È la postfazione per la traduzione
francese ora approntata di “Partigia”, il libro che lo storico ha pubblicato
nel 2013 sulla Resistenza e la cattura di Primo Levi in valle d’Aosta, e sull’“evento
brutto” che lo aveva turbato - “evocato nel 1975, in dodici ellittiche righe
del «Sistema periodico»”. Evento
che Luzzatto ha identificato nell’esecuzione a freddo, senza motivo, se
non l’“indisciplina”, e senza un giudizio, di due ragazzi dello stesso
movimento il 9 dicembre 1943, Fulvio Oppezzo e Luciano Zambaldano.
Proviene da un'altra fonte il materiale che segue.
definition Lnorm1 :: "ennreal \<Rightarrow> (real \<Rightarrow> ennreal) \<Rightarrow> ennreal" where
  "Lnorm1 q h = (if q = \<infinity> then Inf {c. AE t in lborel. h t \<le> c}
     else epow (\<integral>\<^sup>+ t. epow (h t) (enn2real q) \<partial>lborel) (1 / enn2real q))"

definition lnorm1 :: "ennreal \<Rightarrow> (int \<Rightarrow> ennreal) \<Rightarrow> ennreal" where
  "lnorm1 q a = (if q = \<infinity> then (SUP k. a k)
     else epow (\<integral>\<^sup>+ k. epow (a k) (enn2real q) \<partial>count_space UNIV) (1 / enn2real q))"

text \<open>Iterated mixed norm: mnorm k p g x takes the norms in the first k coordinates
  (coordinate 0 innermost, with exponent p 0), the other coordinates being those of x.\<close>
fun mnorm :: "nat \<Rightarrow> (nat \<Rightarrow> ennreal) \<Rightarrow> ((nat \<Rightarrow> real) \<Rightarrow> ennreal) \<Rightarrow> (nat \<Rightarrow> real) \<Rightarrow> ennreal" where
  "mnorm 0 p g x = g x"
| "mnorm (Suc k) p g x = Lnorm1 (p k) (\<lambda>t. mnorm k p g (x(k := t)))"

definition Lmixed :: "nat \<Rightarrow> (nat \<Rightarrow> ennreal) \<Rightarrow> ((nat \<Rightarrow> real) \<Rightarrow> ennreal) \<Rightarrow> ennreal" where
  "Lmixed n p g = mnorm n p g (\<lambda>_. undefined)"

fun lmix :: "nat \<Rightarrow> (nat \<Rightarrow> ennreal) \<Rightarrow> ((nat \<Rightarrow> int) \<Rightarrow> ennreal) \<Rightarrow> (nat \<Rightarrow> int) \<Rightarrow> ennreal" where
  "lmix 0 s a k = a k"
| "lmix (Suc m) s a k = lnorm1 (s m) (\<lambda>j. lmix m s a (k(m := j)))"

definition lmixed :: "nat \<Rightarrow> (nat \<Rightarrow> ennreal) \<Rightarrow> ((nat \<Rightarrow> int) \<Rightarrow> ennreal) \<Rightarrow> ennreal" where
  "lmixed n s a = lmix n s a (\<lambda>_. undefined)"

definition ballN :: "nat \<Rightarrow> (nat \<Rightarrow> real) \<Rightarrow> real \<Rightarrow> (nat \<Rightarrow> real) set" where
  "ballN n y r = {x \<in> space (Rn n). sqrt (\<Sum>i<n. (x i - y i)^2) < r}"

definition cubeN :: "nat \<Rightarrow> real \<Rightarrow> (nat \<Rightarrow> int) \<Rightarrow> (nat \<Rightarrow> real) set" where
  "cubeN n r k = {x \<in> space (Rn n). \<forall>i<n. r * of_int (k i) \<le> x i \<and> x i < r * (of_int (k i) + 1)}"

text \<open>Locally integrable functions on R^n: measurable and integrable on every
  bounded box [-R,R]^n (every compact set lies in such a box).\<close>
definition L1loc :: "nat \<Rightarrow> ((nat \<Rightarrow> real) \<Rightarrow> complex) \<Rightarrow> bool" where
  "L1loc n f \<longleftrightarrow> f \<in> borel_measurable (Rn n) \<and>
     (\<forall>R>0. set_integrable (Rn n) {x \<in> space (Rn n). \<forall>i<n. \<bar>x i\<bar> \<le> R} f)"

end

(*
  Both inequalities are proved by comparison with step functions. If A is a function on Z^n
  and rho > 0, the function y |-> A(floor(y / rho)) on R^n has mixed L^s norm rho^sigma times
  the mixed l^s norm of A, where sigma = sum_i 1/s_i: in each coordinate, t |-> floor(t / rho)
  pushes Lebesgue measure forward to rho times counting measure on Z.

  A ball B(y,r) is covered by the 3^n cubes Q_{r, floor(y/r) + e}, e in {-1,0,1}^n, so
  y |-> |f chi_{B(y,r)}|_{L^p} is dominated by a step function built from translates of the
  cube norms. Conversely every cube Q_{r,k} is the union of the n^n cubes Q_{r/n, n k + e},
  e in {0,...,n-1}^n, and the cube of side r/n containing y lies in B(y,r).

  Apart from this the mixed norms enter only through monotonicity, homogeneity, the
  quasi-triangle inequality |g + h| <= 4 (|g| + |h|), and the fact that an injective
  reindexing of Z does not increase an l^q norm.
*)

theory Submission
  imports Defs "HOL-Probability.Essential_Supremum"
begin

section \<open>Real powers and L^q norms of nonnegative functions\<close>

lemma epow_top [simp]: "epow top q = top"
  by (simp add: epow_def)

lemma epow_ennreal: "0 \<le> a \<Longrightarrow> epow (ennreal a) q = ennreal (a powr q)"
  by (simp add: epow_def)

lemma epow_0 [simp]: "0 < q \<Longrightarrow> epow 0 q = 0"
  by (simp add: epow_def)

lemma epow_mono: "x \<le> y \<Longrightarrow> 0 \<le> q \<Longrightarrow> epow x q \<le> epow y q"
  by (cases x; cases y) (auto simp: epow_ennreal powr_mono2 top_unique)

lemma epow_cmult: "0 < c \<Longrightarrow> 0 < q \<Longrightarrow> epow (ennreal c * x) q = ennreal (c powr q) * epow x q"
  by (cases x) (auto simp: epow_ennreal ennreal_mult_top powr_mult ennreal_mult[symmetric])

lemma epow_add_le:
  assumes "0 < q"
  shows "epow (x + y) q \<le> ennreal (2 powr q) * (epow x q + epow y q)"
proof (cases "x = top \<or> y = top")
  case True
  then show ?thesis by (auto simp: ennreal_mult_top)
next
  case False
  then obtain a b where ab: "x = ennreal a" "y = ennreal b" "0 \<le> a" "0 \<le> b"
    by (cases x; cases y) auto
  have "(a + b) powr q \<le> (2 * max a b) powr q"
    using ab assms by (intro powr_mono2) auto
  also have "\<dots> = 2 powr q * max a b powr q"
    using ab by (simp add: powr_mult)
  also have "\<dots> \<le> 2 powr q * (a powr q + b powr q)"
    by (intro mult_left_mono) (auto simp: max_def)
  finally show ?thesis
    using ab by (simp add: epow_ennreal ennreal_mult[symmetric] ennreal_plus[symmetric] del: ennreal_plus)
qed

lemma measurable_epow [measurable]:
  assumes [measurable]: "f \<in> borel_measurable M"
  shows "(\<lambda>x. epow (f x) q) \<in> borel_measurable M"
  unfolding epow_def by measurable

lemma enn2real_ge_1: "1 \<le> q \<Longrightarrow> q \<noteq> \<infinity> \<Longrightarrow> 1 \<le> enn2real q"
  using enn2real_mono[of 1 q] by (simp add: less_top)

lemma ennreal_divide_mult_cancel: "0 < c \<Longrightarrow> ennreal (1 / c) * (ennreal c * x) = x"
  by (simp add: mult.assoc[symmetric] ennreal_mult[symmetric] del: ennreal_mult')
lemma index_ctrans_unitary_mult_take_cols:
  assumes X: "X \<in> carrier_mat N N" and XX: "ctrans X * X = 1\<^sub>m N" and "R \<le> N" "i < N" "j < R"
  shows "(ctrans X * take_cols R X) $$ (i,j) = (if i = j then 1 else 0)"
proof -
  have "(ctrans X * take_cols R X) $$ (i,j) = (ctrans X * X) $$ (i,j)"
    using index_ctrans_mult[OF X, of "take_cols R X" R i j] index_ctrans_mult[OF X X, of i j] assms
    by simp
  then show ?thesis using XX assms by simp
qed

lemma take_cols_unitary_orthonormal:
  assumes X: "X \<in> carrier_mat N N" and XX: "ctrans X * X = 1\<^sub>m N" and RN: "R \<le> N"
  shows "ctrans (take_cols R X) * take_cols R X = 1\<^sub>m R"
proof (rule eq_matI)
  fix i j assume "i < dim_row (1\<^sub>m R :: complex mat)" "j < dim_col (1\<^sub>m R :: complex mat)"
  then show "(ctrans (take_cols R X) * take_cols R X) $$ (i,j) = 1\<^sub>m R $$ (i,j)"
    using index_ctrans_take_cols_mult[OF X take_cols_carrier_mat[OF X, of R] RN]
      index_ctrans_unitary_mult_take_cols[OF X XX RN, of i j] RN by simp
qed (use X in simp_all)

lemma take_cols_orth_proj_eq_0_iff:
  assumes X: "X \<in> carrier_mat N N" and XX: "ctrans X * X = 1\<^sub>m N"
    and G: "G \<in> carrier_mat N R" and RN: "R \<le> N"
  defines "Y \<equiv> take_cols R X"
  shows "(1\<^sub>m N - Y * ctrans Y) * G = 0\<^sub>m N R \<longleftrightarrow>
    (\<forall>i<N. \<forall>j<R. R \<le> i \<longrightarrow> (ctrans X * G) $$ (i,j) = 0)"
proof -
  define M where "M = ctrans X * G"
  define D where "D = ctrans X * Y"
  define A where "A = ctrans Y * G"
  have XH: "ctrans X \<in> carrier_mat N N" and Y: "Y \<in> carrier_mat N R"
    using X by (simp_all add: Y_def)
  have M: "M \<in> carrier_mat N R" and D: "D \<in> carrier_mat N R"
    using XH Y G by (simp_all add: M_def D_def)
  have A: "A \<in> carrier_mat R R"
    unfolding A_def using ctrans_carrier_mat[OF Y] G by (rule mult_carrier_mat)
  have "ctrans X * ((1\<^sub>m N - Y * ctrans Y) * G) = M - D * A"
    using mult_minus_distrib_mat[OF XH G, of "Y * A"] Y A XH
    by (simp add: orth_proj_mult[OF Y G] M_def D_def A_def)
  \<comment> \<open>D = X^H Y consists of the first R columns of the identity, so D A = D (Y^H G) is the
    top R x R block of M padded with zero rows.\<close>
  moreover have "(D * A) $$ (i,j) = (if i < R then M $$ (i,j) else 0)" if "i < N" "j < R" for i j
  proof -
    have "(D * A) $$ (i,j) = (\<Sum>k<R. D $$ (i,k) * A $$ (k,j))"
      using that D A by (simp add: scalar_prod_def atLeast0LessThan)
    also have "\<dots> = (\<Sum>k<R. if i = k then M $$ (k,j) else 0)"
      using index_ctrans_unitary_mult_take_cols[OF X XX RN \<open>i < N\<close>]
        index_ctrans_take_cols_mult[OF X G RN _ \<open>j < R\<close>]
      by (intro sum.cong) (simp_all add: D_def A_def M_def Y_def)
    finally show ?thesis by simp
  qed
  ultimately have "ctrans X * ((1\<^sub>m N - Y * ctrans Y) * G) = 0\<^sub>m N R \<longleftrightarrow>
      (\<forall>i<N. \<forall>j<R. R \<le> i \<longrightarrow> M $$ (i,j) = 0)"
    using M D A by (auto simp: mat_eq_iff)
  moreover have "(1\<^sub>m N - Y * ctrans Y) * G \<in> carrier_mat N R"
    by (rule mult_carrier_mat[OF minus_carrier_mat]) (use Y G in auto)
  ultimately show ?thesis
    using ctrans_unitary_mult_eq_0_iff[OF X XX] by (simp add: M_def)
qed

lemma stiefel_grad_pad_cols_eq_0_iff:
  assumes X: "X \<in> carrier_mat N N" and XX: "ctrans X * X = 1\<^sub>m N"
    and G: "G \<in> carrier_mat N R" and RN: "R \<le> N"
  shows "stiefel_grad X (pad_cols N G) = 0\<^sub>m N N \<longleftrightarrow> stiefel_grad (take_cols R X) G = 0\<^sub>m N R"
proof -
  let ?M = "ctrans X * G" and ?Y = "take_cols R X"
  have M: "?M \<in> carrier_mat N R"
    using mult_carrier_mat[OF ctrans_carrier_mat[OF X] G] .
  have YG: "ctrans ?Y * G \<in> carrier_mat R R"
    using mult_carrier_mat[OF ctrans_carrier_mat[OF take_cols_carrier_mat[OF X]] G] .
  have "stiefel_grad X (pad_cols N G) = 0\<^sub>m N N \<longleftrightarrow> hermitian (pad_cols N ?M)"
    using unitary_stiefel_grad_eq_0_iff[OF X XX, of "pad_cols N G"] mult_pad_cols[of "ctrans X" G N] X G
    by simp
  also have "\<dots> \<longleftrightarrow> (\<forall>i<R. \<forall>j<R. ?M $$ (i,j) = cnj (?M $$ (j,i))) \<and>
      (\<forall>i<N. \<forall>j<R. R \<le> i \<longrightarrow> ?M $$ (i,j) = 0)"
    by (rule hermitian_pad_cols_iff[OF M RN])
  also have "\<dots> \<longleftrightarrow> hermitian (ctrans ?Y * G) \<and> (1\<^sub>m N - ?Y * ctrans ?Y) * G = 0\<^sub>m N R"
    using hermitian_iff_index[OF YG] index_ctrans_take_cols_mult[OF X G RN]
      take_cols_orth_proj_eq_0_iff[OF X XX G RN] by simp
  also have "\<dots> \<longleftrightarrow> stiefel_grad ?Y G = 0\<^sub>m N R"
    using stiefel_grad_eq_0_iff[OF take_cols_carrier_mat[OF X] take_cols_unitary_orthonormal[OF X XX RN] G]
    by simp
  finally show ?thesis .
qed

lemma rho_in_prodspace: "rho d n r us \<in> prodspace d n r"
  by (simp add: rho_def prodspace_def)

lemma nth_rho:
  assumes "us \<in> prodspace d n n" "p < d"
  shows "rho d n r us ! p = take_cols (r p) (us ! p)"
proof -
  have "us ! p \<in> carrier_mat (n p) (n p)" using assms by (simp add: prodspace_def)
  then show ?thesis using assms(2) by (simp add: rho_def take_cols_def)
qed

lemma rho_ladd_ldir:
  assumes us: "us \<in> prodspace d n n" and rn: "\<forall>q<d. r q \<le> n q" and p: "p < d"
  shows "rho d n r (ladd us (ldir d n n p i j z)) =
    (if j < r p then ladd (rho d n r us) (ldir d n r p i j z) else rho d n r us)"
proof -
  have len: "length us = d" and cu: "\<And>q. q < d \<Longrightarrow> us ! q \<in> carrier_mat (n q) (n q)"
    using us by (auto simp: prodspace_def)
  show ?thesis
  proof (cases "j < r p")
    case True
    show ?thesis using True p rn cu
      by (intro nth_equalityI) (auto simp: rho_def ladd_def ldir_def len intro!: eq_matI)
  next
    case False
    have "mat (n q) (r q) (\<lambda>(a,b). ladd us (ldir d n n p i j z) ! q $$ (a,b)) =
        mat (n q) (r q) (\<lambda>(a,b). us ! q $$ (a,b))" if q: "q < d" for q
      using q False rn cu[OF q]
      by (cases "q = p") (auto simp: ladd_def ldir_def len intro!: eq_matI)
    then show ?thesis
      using False by (simp add: rho_def)
  qed
qed

lemma egrad_comp_rho:
  assumes us: "us \<in> prodspace d n n" and rn: "\<forall>q<d. r q \<le> n q" and p: "p < d"
  shows "egrad d n n (F \<circ> rho d n r) us p = pad_cols (n p) (egrad d n r F (rho d n r us) p)"
  using rho_ladd_ldir[OF us rn p] by (intro eq_matI) (auto simp: egrad_def)

theorem corollary2p8:
  fixes d :: nat and n r :: "nat \<Rightarrow> nat"
    and f :: "complex mat list \<Rightarrow> real"
    and \<upsilon> \<omega> :: "complex mat list"
  assumes "d \<ge> 2"
    and "\<forall>p<d. 1 \<le> r p \<and> r p \<le> n p"
    and "diff_on_open_nbhd d n r f (stiefel_prod d n r)"
    and "\<upsilon> \<in> stiefel_prod d n n"
    and "\<omega> = rho d n r \<upsilon>"
  shows "(\<forall>p<d. rgrad d n n (f \<circ> rho d n r) \<upsilon> p = 0\<^sub>m (n p) (n p))
     \<longleftrightarrow> (\<forall>p<d. rgrad d n r f \<omega> p = 0\<^sub>m (n p) (r p))"
proof -
  have rn: "\<forall>p<d. r p \<le> n p" using assms(2) by simp
  have us: "\<upsilon> \<in> prodspace d n n" using assms(4) by (simp add: stiefel_prod_def)
  have "rgrad d n n (f \<circ> rho d n r) \<upsilon> p = 0\<^sub>m (n p) (n p) \<longleftrightarrow> rgrad d n r f \<omega> p = 0\<^sub>m (n p) (r p)"
    if p: "p < d" for p
  proof -
    have X: "\<upsilon> ! p \<in> carrier_mat (n p) (n p)" using us p by (simp add: prodspace_def)
    have XX: "ctrans (\<upsilon> ! p) * \<upsilon> ! p = 1\<^sub>m (n p)" using assms(4) p by (simp add: stiefel_prod_def)
    have G: "egrad d n r f \<omega> p \<in> carrier_mat (n p) (r p)" by (simp add: egrad_def)
    show ?thesis
      using stiefel_grad_pad_cols_eq_0_iff[OF X XX G] rn p
      by (simp add: rgrad_eq_stiefel_grad[OF us p] rgrad_eq_stiefel_grad[OF rho_in_prodspace p]
          egrad_comp_rho[OF us rn p] nth_rho[OF us p] assms(5))
  qed
  then show ?thesis by blast
qed

end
Un’esecuzione sommaria da parte di un gruppo di partigiani poco o per nulla
attivi, più che altro sfollati, tutti laureati, come se in montagna avessero
portato le abitudini della buona borghesia - “il cuore di tenebra del mio
libro”.
La ricostruzione di questo episodio gli
ha valso critiche che lo storico ha voluto approfondire. E ci torna su con una
serie di nuove ricerche e prove che confermano la sua ricostruzione: i due
ragazzi non erano colpevoli di nulla. Se non, forse, di aver macellato di nascosto,
non di insubordinazione o tradimento, né di altri delitti gravi. Una
documentazione emersa successivamente conferma peraltro che i due furono uccisi
a bruciapelo, con un colpo di pistola alla tempia, “probabilmente mentre
dormivano”. Di questi metodi spicci, senza un giudizio, si può aggiungere la testimonianza che, in contemporanea con Primo Levi, ne dava Meneghello nel profuso racconto del suo anno e mezzo da partigiano, “I piccoli maestri”.
Nella ricostruzione anche alcune storie
drammatiche nuove. Della sfollata Elsa Pokorny, un’anziana ebrea austriaca,
suicida il giorno stesso in cui il genero arrivava per rassicurarla. Albina Zambaldano,
sorella di Luciano, oggi novantenne lucida e coriacea, una vita segretaria alla
Einaudi, che dopo “Partigia” ha convocato Luzzato per confermargli tutto, e
anche suoi numerosi incontri sull’argomento con primo Levi, da subito dopo il
ritorno del chimico scrittore dalla prigionia, nel 1946. La testimonianza di
Félicie Rosset, che nell’autunno del ’43 – a ventidue anni – faceva la maestra
elementare ad Amay nella scuola pluriclasse accanto all’albergo “Ristoro”, dove Primo Levi alloggiava,
presente al rastrellamento del 13 dicembre, con l’arresto del futuro scrittore
e delle due “dottoresse”, Vanda Maestro e Luciana Nissim: Levi, per far capire
alle dottoresse che non gli avevano trovato carte compromettenti, le salutò in
latino: “Omnia mea mecum fero”. E nuove storie del tenente Edilio Cagni, “spia
integrale” per Levi, “il prototipo novecentesco del cacciatore di prede umane”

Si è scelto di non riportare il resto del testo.